| AIM OF THE TASK |
For this exercise, reproduce the entries below exactly, but only from the line containing "Acl Psi \<longleftrightarrow>" through the line containing "(\<forall>t\<ge>0. ((\<lambda>s. Psi", both included.

| Collected data |
+++

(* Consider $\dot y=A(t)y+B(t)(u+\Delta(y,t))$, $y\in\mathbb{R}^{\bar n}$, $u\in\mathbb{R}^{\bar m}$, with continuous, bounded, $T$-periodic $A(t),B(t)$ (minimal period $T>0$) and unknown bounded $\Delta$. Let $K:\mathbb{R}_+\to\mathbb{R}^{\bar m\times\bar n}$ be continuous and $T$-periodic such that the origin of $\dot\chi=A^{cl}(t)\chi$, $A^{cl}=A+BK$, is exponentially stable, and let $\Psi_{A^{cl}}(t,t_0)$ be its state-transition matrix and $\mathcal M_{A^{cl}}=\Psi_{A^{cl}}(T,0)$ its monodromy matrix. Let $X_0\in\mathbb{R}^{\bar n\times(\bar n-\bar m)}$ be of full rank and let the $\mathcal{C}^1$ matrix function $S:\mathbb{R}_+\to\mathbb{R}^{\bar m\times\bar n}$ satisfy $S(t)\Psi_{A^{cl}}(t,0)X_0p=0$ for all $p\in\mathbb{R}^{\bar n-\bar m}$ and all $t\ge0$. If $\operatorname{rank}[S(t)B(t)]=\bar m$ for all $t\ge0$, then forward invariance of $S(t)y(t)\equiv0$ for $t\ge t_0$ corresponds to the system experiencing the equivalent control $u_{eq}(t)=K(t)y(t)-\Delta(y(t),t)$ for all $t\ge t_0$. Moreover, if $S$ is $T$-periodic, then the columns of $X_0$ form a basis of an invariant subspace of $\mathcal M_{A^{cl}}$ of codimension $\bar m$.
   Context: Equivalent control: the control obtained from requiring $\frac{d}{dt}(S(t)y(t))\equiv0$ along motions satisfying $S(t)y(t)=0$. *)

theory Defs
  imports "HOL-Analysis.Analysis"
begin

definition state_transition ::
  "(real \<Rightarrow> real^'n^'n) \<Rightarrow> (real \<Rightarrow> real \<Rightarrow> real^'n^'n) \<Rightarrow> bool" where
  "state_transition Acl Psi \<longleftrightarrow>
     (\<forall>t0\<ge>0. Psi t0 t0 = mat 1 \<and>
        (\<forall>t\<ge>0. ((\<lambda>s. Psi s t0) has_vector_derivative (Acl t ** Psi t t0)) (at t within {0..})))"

+++

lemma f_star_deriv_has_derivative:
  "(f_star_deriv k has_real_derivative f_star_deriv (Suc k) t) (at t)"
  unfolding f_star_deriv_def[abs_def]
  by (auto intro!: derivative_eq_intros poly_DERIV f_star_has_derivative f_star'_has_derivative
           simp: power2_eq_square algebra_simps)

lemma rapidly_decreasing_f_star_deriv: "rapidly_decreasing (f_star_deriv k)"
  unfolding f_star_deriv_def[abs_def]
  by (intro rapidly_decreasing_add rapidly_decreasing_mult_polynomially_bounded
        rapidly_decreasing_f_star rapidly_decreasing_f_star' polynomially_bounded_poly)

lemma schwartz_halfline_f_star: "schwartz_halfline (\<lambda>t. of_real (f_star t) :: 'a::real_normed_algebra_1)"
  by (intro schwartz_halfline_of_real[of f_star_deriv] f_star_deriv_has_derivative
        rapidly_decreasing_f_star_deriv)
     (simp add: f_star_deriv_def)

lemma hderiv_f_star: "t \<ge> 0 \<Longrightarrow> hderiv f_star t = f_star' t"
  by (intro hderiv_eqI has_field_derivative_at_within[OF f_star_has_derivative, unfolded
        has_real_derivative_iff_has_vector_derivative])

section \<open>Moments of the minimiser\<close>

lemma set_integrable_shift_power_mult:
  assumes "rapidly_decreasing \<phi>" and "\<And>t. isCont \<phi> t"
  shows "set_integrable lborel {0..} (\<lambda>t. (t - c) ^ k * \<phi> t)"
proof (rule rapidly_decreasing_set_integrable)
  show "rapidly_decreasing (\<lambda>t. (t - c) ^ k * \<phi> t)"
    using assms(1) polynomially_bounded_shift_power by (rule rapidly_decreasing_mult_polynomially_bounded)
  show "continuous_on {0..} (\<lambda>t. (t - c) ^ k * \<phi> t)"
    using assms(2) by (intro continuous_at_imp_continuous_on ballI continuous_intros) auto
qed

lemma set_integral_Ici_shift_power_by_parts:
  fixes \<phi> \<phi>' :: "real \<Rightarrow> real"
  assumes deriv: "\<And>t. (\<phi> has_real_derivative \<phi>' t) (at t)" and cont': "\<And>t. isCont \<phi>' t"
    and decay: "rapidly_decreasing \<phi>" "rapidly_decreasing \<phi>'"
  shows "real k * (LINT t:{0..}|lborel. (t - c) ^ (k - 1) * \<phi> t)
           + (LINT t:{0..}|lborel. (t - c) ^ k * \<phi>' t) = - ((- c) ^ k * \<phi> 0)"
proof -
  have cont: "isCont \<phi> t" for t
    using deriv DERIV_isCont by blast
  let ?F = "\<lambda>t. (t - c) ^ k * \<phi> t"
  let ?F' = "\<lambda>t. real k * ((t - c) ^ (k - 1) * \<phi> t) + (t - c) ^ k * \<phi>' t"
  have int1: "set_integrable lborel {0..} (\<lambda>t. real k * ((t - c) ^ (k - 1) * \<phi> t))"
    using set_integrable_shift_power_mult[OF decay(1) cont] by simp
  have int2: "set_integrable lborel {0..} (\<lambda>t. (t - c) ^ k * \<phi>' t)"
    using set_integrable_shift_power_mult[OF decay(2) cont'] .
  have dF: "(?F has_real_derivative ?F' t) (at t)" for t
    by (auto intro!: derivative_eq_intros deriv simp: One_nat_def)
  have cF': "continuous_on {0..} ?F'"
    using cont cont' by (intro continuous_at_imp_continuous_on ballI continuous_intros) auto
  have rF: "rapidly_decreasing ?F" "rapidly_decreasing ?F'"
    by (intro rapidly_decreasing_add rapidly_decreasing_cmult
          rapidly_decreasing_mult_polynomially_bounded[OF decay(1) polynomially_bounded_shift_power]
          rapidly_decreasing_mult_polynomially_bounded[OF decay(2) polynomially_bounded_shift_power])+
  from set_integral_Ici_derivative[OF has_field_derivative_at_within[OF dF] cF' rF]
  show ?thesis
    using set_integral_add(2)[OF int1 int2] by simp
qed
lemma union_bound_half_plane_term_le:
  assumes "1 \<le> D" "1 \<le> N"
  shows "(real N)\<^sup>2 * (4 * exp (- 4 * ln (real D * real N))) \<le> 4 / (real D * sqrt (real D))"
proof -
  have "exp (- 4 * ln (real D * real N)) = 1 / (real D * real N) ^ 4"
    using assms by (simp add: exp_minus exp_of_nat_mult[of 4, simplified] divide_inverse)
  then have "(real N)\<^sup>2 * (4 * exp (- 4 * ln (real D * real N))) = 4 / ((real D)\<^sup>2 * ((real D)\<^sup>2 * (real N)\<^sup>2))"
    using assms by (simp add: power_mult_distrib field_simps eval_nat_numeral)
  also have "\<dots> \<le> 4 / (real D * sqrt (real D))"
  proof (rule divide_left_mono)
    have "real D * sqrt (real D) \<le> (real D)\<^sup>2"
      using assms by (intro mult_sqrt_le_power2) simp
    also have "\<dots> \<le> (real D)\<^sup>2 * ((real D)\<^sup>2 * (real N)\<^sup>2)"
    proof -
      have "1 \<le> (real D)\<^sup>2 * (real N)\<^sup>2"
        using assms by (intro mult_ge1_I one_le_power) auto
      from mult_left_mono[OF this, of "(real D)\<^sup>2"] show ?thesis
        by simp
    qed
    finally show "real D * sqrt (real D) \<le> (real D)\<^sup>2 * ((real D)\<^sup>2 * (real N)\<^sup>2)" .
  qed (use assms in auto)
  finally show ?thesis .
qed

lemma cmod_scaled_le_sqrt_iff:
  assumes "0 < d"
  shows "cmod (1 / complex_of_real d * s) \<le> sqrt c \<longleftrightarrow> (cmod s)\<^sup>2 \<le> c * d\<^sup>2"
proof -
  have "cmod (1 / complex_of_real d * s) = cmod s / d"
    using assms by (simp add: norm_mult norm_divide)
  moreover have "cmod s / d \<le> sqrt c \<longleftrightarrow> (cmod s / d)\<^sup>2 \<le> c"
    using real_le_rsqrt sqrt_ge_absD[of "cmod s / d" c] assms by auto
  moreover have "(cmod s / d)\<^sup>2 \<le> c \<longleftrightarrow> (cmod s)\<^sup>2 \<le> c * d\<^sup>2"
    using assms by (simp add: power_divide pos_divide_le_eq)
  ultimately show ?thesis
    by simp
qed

+++

| ANSWER BOX |
  "state_transition Acl Psi \<longleftrightarrow>
     (\<forall>t0\<ge>0. Psi t0 t0 = mat 1 \<and>
        (\<forall>t\<ge>0. ((\<lambda>s. Psi s t0) has_vector_derivative (Acl t ** Psi t t0)) (at t within {0..})))"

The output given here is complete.